I must respectfully dissent from the majority decision concluding that plaintiff contracted an occupational disease and would find that plaintiff has failed to prove by the greater weight of the medical evidence that she sustained an occupational disease within the meaning of the Act.
Dr. Cammarata testified that it was difficult to determine if plaintiff's epicondylitis and radial tunnel syndrome were work related but that her work environment worsened her symptoms. However, he did not testify it worsened her condition as required by Futrell v. ResinallCorporation, 151 N.C. App. 456, 566 S.E.2d 181 (2002). Further, while he does not provide any testimony indicating plaintiff was at an increased risk of developing epicondylitis and radial tunnel syndrome because of her position as an assistant librarian, Dr. Doyle does. However, even a cursory review of her testimony brings into question the bases of her opinions.

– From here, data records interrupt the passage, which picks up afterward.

text \<open>Strong continuity of U: choose a finite set of multi-indices carrying all but
  \<epsilon>/8 of the norm of x; on it the factors converge, and the rest contributes at most 4 \<epsilon>/8.\<close>

lemma tendsto_sqnorm_U_diff:
  assumes x: "x \<in> Hm n m"
  shows "((\<lambda>t. sqnorm n m (\<lambda>\<alpha>. U n (-t) x \<alpha> - U n (-t0) x \<alpha>)) \<longlongrightarrow> 0) (at t0)"
proof (rule order_tendstoI)
  fix a :: real assume "a < 0"
  thus "\<forall>\<^sub>F t in at t0. a < sqnorm n m (\<lambda>\<alpha>. U n (-t) x \<alpha> - U n (-t0) x \<alpha>)"
    using sqnorm_nonneg by (auto intro!: always_eventually) (metis less_le_trans)
next
  fix \<epsilon> :: real assume e: "0 < \<epsilon>"
  let ?w = "\<lambda>\<alpha>. (cmod (x \<alpha>))\<^sup>2 / rho n m \<alpha>"
  let ?q = "\<lambda>t \<alpha>. (cmod (U_factor n (-t) \<alpha> - U_factor n (-t0) \<alpha>))\<^sup>2 * ?w \<alpha>"
  have w: "?w summable_on MI n" by (rule Hm_summable[OF x])
  hence hs: "(?w has_sum sqnorm n m x) (MI n)" unfolding sqnorm_def by (rule has_sum_infsum)
  obtain F where F: "finite F" "F \<subseteq> MI n" and d: "dist (sum ?w F) (sqnorm n m x) \<le> \<epsilon> / 8"
    using has_sum_finite_approximation[OF hs, of "\<epsilon>/8"] e by auto
  have "infsum ?w (MI n - F) \<le> \<epsilon> / 8"
    using infsum_split_finite[OF w F] d by (simp add: sqnorm_def dist_real_def)
  hence bnd: "sqnorm n m (\<lambda>\<alpha>. U n (-t) x \<alpha> - U n (-t0) x \<alpha>) \<le> sum (?q t) F + \<epsilon> / 2" for t
    using sqnorm_U_diff_le[OF x F, of "-t" "-t0"] by linarith
  have "((\<lambda>t. sum (?q t) F) \<longlongrightarrow> sum (?q t0) F) (at t0)"
    unfolding U_factor_def by (intro tendsto_intros)
  hence "\<forall>\<^sub>F t in at t0. sum (?q t) F < \<epsilon> / 2" by (rule order_tendstoD(2)) (use e in simp)
  thus "\<forall>\<^sub>F t in at t0. sqnorm n m (\<lambda>\<alpha>. U n (-t) x \<alpha> - U n (-t0) x \<alpha>) < \<epsilon>"
  proof eventually_elim
    case (elim t) show ?case using bnd[of t] elim by linarith
  qed
qed

lemma bounded_op_Hm_closed: "bounded_op n m T \<Longrightarrow> Hm_closed n m T"
  by (simp add: bounded_op_def Hm_closed_def)

lemma bounded_op_Hm_homogeneous: "bounded_op n m T \<Longrightarrow> Hm_homogeneous n m T"
  by (simp add: bounded_op_def Hm_homogeneous_def)

lemma bounded_op_diff:
  assumes T: "bounded_op n m T" and f: "f \<in> Hm n m" and g: "g \<in> Hm n m"
  shows "T (\<lambda>\<alpha>. f \<alpha> - g \<alpha>) = (\<lambda>\<alpha>. T f \<alpha> - T g \<alpha>)"
proof -
  have add: "\<forall>f\<in>Hm n m. \<forall>g\<in>Hm n m. T (\<lambda>\<alpha>. f \<alpha> + g \<alpha>) = (\<lambda>\<alpha>. T f \<alpha> + T g \<alpha>)"
    using T unfolding bounded_op_def by blast
  have "T (\<lambda>\<alpha>. f \<alpha> + (-1) * g \<alpha>) = (\<lambda>\<alpha>. T f \<alpha> + T (\<lambda>\<alpha>. (-1) * g \<alpha>) \<alpha>)"
    by (rule add[rule_format, OF f Hm_scale[OF g]])
  also have "T (\<lambda>\<alpha>. (-1) * g \<alpha>) = (\<lambda>\<alpha>. (-1) * T g \<alpha>)"
    using T g unfolding bounded_op_def by blast
  finally show ?thesis by simp
qed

During plaintiff's first visit on February 18, 2002, after Dr. Cammarata indicated plaintiff could return to work avoiding cyclical flexion-extension of the elbows and resting between lifting or shelving activities, Dr. Doyle immediately removed plaintiff from work, concluded plaintiff's work involved a great deal of repetitive work and caused her epicondylitis. This initial opinion was rendered based merely on plaintiff's brief description of her work as a lot of shelving, stacking and computer work, and without reviewing a job description or objective testing. Dr. Doyle did not inquire as to how many times per hour and per day plaintiff performed these acts nor the specific type of hand movements she utilized. Importantly, Dr. Doyle could not define the term "repetitious", merely stating, "I don't think there's any set standard Well, repetition is sort of like how do you know it's your Aunt Agnes when it walks in the room You just know it. It's one of those things you just know." Dr. Doyle does not involve herself with the science of classifying jobs as repetitive. Therefore, Dr. Doyle's opinions, though adamant, are based in speculation, are not sufficiently reliable to constitute competent evidence, and should be given no weight. Young v.Hickory Business Furniture, 353 N.C. 227, 538 S.E.2d 912 (2000).
Thus, plaintiff has failed to carry her burden of proving increased risk and causation. Consequently, I would reverse the decision of the Deputy Commissioner and must therefore respectfully dissent from the majority opinion.